**Assigned task**.
How many lines in the records below contain the word "handed"? Answer with the number and nothing else.

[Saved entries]
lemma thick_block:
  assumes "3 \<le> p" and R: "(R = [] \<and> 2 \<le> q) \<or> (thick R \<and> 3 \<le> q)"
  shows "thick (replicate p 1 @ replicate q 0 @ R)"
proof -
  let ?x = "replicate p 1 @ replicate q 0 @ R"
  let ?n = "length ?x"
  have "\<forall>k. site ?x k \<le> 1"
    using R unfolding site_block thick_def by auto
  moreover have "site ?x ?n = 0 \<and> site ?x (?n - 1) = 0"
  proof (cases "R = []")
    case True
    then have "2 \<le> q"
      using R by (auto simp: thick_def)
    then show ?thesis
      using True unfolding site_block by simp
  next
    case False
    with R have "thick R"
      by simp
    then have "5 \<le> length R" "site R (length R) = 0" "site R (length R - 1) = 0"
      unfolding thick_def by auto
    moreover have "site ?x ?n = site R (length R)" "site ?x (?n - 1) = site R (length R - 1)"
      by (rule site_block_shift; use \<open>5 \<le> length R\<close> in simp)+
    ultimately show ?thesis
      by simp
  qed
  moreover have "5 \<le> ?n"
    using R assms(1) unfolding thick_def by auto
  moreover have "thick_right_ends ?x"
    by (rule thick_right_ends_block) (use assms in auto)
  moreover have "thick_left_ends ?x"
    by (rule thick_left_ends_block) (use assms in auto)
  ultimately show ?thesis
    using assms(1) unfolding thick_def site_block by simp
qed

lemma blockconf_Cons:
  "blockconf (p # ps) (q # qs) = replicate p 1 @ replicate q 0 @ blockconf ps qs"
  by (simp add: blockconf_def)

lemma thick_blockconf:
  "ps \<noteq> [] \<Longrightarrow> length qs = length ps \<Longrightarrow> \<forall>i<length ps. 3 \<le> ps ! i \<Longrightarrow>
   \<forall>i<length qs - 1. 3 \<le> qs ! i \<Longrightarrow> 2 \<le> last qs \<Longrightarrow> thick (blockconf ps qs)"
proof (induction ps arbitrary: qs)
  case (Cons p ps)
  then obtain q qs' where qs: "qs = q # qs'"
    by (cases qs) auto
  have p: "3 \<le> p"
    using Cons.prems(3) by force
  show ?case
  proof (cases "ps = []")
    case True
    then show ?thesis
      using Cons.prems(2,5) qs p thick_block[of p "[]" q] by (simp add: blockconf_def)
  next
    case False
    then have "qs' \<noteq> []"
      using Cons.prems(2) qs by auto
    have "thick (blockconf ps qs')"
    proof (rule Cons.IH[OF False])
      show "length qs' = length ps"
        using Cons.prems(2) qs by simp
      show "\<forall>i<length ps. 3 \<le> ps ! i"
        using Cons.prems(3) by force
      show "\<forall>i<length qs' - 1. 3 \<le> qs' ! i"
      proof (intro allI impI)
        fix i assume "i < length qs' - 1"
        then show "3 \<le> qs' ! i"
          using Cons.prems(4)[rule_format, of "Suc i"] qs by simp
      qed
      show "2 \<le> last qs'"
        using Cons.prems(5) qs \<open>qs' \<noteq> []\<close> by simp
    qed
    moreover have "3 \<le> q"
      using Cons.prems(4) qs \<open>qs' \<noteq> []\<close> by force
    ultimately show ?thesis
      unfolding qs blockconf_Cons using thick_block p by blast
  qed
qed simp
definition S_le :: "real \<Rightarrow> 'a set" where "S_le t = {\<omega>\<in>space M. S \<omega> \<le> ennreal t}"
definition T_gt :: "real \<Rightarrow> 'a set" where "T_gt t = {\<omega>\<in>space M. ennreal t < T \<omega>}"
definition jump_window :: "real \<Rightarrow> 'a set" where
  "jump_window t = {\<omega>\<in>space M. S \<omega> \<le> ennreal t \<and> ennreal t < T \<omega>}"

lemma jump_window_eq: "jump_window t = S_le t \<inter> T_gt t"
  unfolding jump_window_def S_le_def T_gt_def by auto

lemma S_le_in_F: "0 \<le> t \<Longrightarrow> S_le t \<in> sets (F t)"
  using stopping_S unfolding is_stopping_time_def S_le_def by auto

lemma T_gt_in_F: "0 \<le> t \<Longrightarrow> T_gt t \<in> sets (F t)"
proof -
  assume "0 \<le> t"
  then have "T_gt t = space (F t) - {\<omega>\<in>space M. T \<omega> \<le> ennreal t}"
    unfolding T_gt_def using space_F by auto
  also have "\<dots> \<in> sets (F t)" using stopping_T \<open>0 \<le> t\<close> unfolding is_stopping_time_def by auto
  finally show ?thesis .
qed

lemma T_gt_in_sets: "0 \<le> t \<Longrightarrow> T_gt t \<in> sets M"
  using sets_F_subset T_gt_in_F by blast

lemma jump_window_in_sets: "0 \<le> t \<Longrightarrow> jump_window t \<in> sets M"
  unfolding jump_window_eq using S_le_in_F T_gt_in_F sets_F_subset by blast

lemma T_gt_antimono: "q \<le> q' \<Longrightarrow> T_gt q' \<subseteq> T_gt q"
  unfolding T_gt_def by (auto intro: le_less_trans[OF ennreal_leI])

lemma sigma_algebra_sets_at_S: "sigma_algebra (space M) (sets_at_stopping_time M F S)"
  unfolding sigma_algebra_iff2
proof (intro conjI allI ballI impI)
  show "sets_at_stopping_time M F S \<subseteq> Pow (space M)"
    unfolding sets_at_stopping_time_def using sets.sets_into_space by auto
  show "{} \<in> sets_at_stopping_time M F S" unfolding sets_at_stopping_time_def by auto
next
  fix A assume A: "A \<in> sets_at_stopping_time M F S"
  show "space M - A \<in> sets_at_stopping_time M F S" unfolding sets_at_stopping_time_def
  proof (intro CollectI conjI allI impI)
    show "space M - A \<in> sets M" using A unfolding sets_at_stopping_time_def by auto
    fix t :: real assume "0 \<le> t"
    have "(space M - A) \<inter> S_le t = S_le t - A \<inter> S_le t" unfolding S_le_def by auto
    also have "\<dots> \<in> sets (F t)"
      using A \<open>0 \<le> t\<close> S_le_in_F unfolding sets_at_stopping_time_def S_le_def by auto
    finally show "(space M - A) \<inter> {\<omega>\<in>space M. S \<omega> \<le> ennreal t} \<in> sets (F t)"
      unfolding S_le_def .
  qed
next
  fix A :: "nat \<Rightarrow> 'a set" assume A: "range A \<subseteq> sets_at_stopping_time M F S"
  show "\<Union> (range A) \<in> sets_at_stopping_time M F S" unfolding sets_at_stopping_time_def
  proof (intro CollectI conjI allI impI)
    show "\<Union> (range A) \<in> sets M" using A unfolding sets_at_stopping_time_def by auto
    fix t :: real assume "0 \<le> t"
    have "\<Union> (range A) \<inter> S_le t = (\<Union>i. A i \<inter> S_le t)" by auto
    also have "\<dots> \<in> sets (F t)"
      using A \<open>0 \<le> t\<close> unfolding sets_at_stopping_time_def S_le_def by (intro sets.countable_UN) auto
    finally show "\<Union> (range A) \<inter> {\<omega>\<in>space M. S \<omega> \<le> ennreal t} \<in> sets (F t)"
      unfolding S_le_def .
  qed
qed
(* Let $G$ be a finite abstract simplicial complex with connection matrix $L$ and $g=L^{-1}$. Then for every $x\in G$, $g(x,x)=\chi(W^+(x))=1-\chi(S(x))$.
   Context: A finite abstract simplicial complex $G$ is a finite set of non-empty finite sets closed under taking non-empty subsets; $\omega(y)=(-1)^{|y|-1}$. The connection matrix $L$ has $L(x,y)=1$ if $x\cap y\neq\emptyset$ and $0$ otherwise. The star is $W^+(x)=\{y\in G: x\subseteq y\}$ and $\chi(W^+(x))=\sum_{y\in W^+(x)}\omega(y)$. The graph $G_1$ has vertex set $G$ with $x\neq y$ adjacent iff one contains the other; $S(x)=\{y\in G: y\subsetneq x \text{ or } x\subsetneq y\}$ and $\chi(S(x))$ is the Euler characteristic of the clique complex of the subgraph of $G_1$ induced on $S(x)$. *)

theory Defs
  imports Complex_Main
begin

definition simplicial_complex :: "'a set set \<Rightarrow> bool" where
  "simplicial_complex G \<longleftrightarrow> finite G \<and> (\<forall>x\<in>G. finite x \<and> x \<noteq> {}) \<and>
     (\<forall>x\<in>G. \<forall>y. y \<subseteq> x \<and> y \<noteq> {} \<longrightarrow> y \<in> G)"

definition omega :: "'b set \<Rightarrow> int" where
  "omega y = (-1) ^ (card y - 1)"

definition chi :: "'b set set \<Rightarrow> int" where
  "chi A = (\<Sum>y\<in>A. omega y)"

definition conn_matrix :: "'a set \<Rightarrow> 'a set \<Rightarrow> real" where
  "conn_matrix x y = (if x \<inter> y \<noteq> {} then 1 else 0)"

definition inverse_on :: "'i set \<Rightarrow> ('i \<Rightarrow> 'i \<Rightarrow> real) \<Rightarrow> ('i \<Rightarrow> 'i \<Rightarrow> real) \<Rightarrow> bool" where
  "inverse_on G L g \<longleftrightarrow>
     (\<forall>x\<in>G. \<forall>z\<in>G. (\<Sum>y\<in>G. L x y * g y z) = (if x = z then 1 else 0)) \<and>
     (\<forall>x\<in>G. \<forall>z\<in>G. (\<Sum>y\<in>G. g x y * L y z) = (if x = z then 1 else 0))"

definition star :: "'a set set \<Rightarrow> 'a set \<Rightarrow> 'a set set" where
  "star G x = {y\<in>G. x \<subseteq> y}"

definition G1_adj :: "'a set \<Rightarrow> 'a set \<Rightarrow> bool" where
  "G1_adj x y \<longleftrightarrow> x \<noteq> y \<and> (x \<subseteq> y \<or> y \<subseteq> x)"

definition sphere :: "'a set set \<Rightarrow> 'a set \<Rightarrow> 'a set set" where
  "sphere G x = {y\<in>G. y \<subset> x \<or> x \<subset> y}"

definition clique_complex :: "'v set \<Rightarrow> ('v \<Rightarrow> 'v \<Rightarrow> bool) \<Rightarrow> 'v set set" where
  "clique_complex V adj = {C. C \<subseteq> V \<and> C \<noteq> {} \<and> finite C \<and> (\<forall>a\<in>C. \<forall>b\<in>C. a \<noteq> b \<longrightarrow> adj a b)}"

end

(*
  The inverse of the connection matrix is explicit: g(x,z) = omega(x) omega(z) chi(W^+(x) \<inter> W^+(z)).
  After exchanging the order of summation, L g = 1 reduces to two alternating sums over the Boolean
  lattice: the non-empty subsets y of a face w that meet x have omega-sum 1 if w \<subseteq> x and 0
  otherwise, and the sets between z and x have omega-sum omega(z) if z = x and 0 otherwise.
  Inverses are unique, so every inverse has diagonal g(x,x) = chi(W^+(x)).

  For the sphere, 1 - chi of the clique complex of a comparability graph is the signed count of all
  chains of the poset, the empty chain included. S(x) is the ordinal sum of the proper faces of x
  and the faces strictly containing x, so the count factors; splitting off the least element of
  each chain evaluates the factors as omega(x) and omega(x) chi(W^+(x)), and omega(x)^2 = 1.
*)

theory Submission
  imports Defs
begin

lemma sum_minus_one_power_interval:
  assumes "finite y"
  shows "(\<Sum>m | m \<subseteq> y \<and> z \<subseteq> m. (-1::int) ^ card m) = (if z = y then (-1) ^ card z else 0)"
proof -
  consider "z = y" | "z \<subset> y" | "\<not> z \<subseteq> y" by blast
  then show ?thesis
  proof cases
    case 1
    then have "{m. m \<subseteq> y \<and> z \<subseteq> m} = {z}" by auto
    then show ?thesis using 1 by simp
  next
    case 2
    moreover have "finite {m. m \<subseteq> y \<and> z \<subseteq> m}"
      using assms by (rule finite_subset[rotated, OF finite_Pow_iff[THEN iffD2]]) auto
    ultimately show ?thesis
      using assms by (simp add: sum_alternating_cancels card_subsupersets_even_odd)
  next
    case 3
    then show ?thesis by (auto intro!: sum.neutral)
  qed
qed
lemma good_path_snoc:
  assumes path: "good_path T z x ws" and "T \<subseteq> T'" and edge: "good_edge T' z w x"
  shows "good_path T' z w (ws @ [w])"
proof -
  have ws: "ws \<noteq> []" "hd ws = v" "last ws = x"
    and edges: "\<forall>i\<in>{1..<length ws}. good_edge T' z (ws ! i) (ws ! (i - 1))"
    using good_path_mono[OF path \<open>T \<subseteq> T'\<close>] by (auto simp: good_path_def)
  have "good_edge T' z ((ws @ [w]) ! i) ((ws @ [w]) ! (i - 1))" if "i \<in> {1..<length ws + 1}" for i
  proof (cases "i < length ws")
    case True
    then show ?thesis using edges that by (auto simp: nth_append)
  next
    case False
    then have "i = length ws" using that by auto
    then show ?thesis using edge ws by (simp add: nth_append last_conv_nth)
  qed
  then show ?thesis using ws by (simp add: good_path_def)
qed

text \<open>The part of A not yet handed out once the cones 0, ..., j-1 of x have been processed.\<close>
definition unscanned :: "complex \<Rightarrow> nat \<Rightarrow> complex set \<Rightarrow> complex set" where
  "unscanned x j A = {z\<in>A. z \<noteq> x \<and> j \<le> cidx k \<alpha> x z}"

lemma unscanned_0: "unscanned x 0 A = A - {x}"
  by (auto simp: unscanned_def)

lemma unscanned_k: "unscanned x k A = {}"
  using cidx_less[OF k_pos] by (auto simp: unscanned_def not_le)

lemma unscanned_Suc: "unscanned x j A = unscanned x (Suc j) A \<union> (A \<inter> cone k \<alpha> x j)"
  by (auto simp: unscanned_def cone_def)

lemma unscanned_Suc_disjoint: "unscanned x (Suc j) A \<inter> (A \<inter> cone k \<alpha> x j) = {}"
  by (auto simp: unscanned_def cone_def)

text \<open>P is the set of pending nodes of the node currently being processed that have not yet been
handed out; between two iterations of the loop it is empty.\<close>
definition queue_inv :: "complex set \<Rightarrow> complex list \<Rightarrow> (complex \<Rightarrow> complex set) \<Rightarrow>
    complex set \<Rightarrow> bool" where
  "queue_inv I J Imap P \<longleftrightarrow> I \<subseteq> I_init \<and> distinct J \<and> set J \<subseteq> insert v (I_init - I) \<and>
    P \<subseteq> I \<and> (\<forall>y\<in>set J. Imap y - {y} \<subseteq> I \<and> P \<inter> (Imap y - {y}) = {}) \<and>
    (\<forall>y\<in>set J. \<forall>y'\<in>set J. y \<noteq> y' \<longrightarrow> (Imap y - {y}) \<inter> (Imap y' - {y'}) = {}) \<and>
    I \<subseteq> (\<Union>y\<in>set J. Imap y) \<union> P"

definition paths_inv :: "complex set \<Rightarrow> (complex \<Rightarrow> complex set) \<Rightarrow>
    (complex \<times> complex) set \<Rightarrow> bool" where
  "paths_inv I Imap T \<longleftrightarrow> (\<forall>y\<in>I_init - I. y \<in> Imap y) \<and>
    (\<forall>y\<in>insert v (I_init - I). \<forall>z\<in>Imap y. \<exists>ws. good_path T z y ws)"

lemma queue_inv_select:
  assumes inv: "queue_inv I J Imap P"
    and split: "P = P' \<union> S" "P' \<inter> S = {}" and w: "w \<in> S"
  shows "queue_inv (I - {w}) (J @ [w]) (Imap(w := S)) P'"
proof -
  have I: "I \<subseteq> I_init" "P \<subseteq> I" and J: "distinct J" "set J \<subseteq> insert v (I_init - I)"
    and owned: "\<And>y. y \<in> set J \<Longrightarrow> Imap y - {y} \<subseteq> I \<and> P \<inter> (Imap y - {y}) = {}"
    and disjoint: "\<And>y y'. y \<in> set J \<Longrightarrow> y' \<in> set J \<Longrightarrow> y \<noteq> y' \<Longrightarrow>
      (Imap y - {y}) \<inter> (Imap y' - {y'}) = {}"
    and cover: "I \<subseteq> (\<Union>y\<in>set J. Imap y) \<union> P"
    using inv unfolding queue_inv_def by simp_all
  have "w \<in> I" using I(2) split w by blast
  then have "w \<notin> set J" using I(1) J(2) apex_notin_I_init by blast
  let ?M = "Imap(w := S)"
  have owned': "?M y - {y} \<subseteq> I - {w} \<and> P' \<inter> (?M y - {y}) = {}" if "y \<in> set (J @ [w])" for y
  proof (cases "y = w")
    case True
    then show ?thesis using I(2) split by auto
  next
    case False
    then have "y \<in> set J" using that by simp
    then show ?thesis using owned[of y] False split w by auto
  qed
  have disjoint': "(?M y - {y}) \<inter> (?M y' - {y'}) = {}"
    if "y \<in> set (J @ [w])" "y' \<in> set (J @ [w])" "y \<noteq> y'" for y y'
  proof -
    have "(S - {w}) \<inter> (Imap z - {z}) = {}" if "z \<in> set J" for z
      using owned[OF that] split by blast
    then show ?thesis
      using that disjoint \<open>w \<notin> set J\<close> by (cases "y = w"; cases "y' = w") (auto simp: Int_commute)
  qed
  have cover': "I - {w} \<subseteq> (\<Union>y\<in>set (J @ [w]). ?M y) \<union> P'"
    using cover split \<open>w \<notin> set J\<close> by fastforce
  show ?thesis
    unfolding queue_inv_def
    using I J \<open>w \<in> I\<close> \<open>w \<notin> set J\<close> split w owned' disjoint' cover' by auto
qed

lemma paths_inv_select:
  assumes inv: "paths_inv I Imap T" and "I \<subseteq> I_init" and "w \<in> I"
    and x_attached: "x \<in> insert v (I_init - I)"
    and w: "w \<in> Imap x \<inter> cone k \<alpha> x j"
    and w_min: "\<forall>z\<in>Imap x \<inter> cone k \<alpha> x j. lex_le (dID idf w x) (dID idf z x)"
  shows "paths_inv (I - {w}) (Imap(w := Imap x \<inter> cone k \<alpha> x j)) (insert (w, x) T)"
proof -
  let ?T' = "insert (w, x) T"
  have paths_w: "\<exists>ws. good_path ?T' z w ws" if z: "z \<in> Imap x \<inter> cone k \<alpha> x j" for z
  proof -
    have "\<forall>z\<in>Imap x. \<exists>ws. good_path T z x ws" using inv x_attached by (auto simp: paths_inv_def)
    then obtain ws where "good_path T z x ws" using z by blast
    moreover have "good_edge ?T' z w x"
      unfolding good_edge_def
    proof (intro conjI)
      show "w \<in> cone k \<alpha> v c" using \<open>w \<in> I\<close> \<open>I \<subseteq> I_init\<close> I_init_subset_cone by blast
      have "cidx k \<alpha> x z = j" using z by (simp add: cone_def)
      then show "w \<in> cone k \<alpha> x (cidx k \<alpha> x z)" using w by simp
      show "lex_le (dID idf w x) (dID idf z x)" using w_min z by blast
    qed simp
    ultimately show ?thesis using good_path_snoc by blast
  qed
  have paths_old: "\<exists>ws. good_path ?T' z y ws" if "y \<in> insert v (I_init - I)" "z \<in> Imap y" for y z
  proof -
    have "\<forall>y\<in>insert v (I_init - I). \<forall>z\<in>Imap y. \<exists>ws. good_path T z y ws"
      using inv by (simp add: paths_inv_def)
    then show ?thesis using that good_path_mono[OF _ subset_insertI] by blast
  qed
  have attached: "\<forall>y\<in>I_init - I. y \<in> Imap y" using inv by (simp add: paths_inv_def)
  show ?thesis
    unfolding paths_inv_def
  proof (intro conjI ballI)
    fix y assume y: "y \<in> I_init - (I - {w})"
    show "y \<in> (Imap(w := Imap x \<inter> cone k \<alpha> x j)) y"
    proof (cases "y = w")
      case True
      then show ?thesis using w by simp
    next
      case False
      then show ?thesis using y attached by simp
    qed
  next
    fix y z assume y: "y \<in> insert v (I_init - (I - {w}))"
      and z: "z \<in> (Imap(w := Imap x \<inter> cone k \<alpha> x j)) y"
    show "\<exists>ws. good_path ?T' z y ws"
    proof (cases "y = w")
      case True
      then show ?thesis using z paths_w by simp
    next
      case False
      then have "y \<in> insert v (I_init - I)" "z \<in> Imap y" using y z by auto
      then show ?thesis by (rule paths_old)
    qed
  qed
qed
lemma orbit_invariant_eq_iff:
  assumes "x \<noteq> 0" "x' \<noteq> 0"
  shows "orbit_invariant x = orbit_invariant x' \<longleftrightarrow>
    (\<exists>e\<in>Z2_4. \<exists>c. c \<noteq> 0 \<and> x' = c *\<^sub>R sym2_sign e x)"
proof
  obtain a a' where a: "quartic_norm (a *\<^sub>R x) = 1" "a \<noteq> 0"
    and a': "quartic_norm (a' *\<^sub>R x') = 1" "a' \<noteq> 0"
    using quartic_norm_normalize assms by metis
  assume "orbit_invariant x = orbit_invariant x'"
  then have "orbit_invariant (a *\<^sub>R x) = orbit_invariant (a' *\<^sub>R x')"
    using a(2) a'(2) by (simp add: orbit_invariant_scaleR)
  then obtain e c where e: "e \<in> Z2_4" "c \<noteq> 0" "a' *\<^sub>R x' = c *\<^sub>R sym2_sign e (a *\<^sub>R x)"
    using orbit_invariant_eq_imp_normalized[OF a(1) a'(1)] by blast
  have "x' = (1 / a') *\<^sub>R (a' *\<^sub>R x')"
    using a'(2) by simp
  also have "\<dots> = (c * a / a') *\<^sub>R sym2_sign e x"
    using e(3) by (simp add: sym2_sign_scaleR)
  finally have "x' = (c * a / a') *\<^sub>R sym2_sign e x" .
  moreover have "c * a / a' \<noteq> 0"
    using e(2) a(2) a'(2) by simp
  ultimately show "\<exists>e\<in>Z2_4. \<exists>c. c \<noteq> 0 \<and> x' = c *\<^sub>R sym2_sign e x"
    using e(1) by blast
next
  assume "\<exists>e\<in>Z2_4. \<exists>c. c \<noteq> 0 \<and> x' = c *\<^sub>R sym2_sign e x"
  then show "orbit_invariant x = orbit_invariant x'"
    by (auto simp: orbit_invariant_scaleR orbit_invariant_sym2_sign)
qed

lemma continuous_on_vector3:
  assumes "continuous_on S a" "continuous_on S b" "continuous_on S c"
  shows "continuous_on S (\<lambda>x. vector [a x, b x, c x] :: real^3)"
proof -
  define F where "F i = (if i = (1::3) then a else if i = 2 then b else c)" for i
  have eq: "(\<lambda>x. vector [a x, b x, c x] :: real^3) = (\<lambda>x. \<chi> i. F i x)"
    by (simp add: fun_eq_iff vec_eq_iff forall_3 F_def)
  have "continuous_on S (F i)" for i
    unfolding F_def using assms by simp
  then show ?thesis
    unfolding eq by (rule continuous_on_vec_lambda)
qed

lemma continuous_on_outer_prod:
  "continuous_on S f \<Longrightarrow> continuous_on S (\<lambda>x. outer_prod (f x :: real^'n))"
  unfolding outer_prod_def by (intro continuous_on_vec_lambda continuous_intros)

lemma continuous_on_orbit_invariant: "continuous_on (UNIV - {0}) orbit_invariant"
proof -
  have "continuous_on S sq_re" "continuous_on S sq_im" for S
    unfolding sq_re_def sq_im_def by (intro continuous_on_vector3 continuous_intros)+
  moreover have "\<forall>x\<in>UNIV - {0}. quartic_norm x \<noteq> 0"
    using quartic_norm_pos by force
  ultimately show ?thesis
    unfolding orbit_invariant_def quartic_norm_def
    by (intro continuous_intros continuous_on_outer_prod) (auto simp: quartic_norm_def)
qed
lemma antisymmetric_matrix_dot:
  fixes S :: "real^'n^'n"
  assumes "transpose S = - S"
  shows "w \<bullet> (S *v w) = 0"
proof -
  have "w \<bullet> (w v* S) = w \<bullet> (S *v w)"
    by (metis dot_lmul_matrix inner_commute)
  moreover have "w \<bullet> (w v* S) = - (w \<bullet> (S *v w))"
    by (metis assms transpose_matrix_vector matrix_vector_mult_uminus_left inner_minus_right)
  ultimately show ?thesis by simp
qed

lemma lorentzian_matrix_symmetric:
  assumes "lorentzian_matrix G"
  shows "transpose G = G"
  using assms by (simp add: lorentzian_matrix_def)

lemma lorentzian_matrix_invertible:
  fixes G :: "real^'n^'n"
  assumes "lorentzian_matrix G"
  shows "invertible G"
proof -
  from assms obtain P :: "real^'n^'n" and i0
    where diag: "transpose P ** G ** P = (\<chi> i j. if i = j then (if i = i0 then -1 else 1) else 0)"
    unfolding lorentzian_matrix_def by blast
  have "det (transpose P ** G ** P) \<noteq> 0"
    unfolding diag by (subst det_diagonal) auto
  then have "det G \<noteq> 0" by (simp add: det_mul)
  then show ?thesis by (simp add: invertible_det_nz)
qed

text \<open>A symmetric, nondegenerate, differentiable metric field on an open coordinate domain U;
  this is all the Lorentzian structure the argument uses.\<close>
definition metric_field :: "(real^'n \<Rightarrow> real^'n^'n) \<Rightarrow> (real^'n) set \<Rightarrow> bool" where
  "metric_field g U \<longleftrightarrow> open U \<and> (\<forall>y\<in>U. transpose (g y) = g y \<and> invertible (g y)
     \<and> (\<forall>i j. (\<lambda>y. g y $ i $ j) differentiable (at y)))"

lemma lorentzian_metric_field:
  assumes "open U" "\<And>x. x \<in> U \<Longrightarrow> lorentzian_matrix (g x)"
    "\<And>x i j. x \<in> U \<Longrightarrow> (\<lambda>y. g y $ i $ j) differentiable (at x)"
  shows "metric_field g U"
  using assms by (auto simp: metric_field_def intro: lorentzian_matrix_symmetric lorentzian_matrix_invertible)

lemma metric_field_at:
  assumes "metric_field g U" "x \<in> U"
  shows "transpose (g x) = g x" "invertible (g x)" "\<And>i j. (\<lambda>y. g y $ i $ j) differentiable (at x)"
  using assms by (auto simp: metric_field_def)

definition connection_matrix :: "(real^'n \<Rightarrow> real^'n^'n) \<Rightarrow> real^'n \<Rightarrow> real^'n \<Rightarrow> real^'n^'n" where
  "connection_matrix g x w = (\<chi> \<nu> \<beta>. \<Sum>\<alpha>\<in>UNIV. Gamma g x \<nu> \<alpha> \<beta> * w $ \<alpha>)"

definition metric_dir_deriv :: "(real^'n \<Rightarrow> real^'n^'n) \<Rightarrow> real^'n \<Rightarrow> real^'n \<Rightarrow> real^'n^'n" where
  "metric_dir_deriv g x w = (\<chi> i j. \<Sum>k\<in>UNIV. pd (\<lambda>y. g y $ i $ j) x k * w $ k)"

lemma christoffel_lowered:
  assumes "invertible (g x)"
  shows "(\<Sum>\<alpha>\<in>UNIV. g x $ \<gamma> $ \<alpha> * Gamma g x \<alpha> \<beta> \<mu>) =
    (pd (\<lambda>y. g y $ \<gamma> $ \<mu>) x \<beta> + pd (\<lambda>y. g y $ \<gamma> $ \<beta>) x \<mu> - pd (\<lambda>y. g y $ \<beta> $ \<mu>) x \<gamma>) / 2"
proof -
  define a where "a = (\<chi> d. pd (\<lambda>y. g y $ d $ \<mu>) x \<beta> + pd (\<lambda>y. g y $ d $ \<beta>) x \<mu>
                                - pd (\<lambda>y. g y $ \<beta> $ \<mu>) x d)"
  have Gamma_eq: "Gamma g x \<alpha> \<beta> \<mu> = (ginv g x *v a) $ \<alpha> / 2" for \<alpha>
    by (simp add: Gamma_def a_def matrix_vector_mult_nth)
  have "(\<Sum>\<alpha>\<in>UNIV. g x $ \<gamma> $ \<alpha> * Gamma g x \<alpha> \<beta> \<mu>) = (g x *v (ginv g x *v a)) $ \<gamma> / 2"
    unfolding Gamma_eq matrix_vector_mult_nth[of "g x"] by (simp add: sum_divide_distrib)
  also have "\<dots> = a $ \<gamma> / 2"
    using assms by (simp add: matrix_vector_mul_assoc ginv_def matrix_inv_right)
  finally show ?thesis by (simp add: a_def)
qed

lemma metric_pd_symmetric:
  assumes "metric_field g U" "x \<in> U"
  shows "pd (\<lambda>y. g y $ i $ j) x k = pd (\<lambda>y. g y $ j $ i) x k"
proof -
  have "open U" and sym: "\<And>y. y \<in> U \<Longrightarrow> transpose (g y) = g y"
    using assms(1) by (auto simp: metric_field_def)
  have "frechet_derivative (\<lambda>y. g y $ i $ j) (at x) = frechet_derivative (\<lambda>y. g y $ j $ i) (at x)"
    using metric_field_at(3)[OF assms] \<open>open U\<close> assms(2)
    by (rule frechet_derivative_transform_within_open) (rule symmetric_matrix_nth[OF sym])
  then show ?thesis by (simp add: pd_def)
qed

**Answer for the task**.
2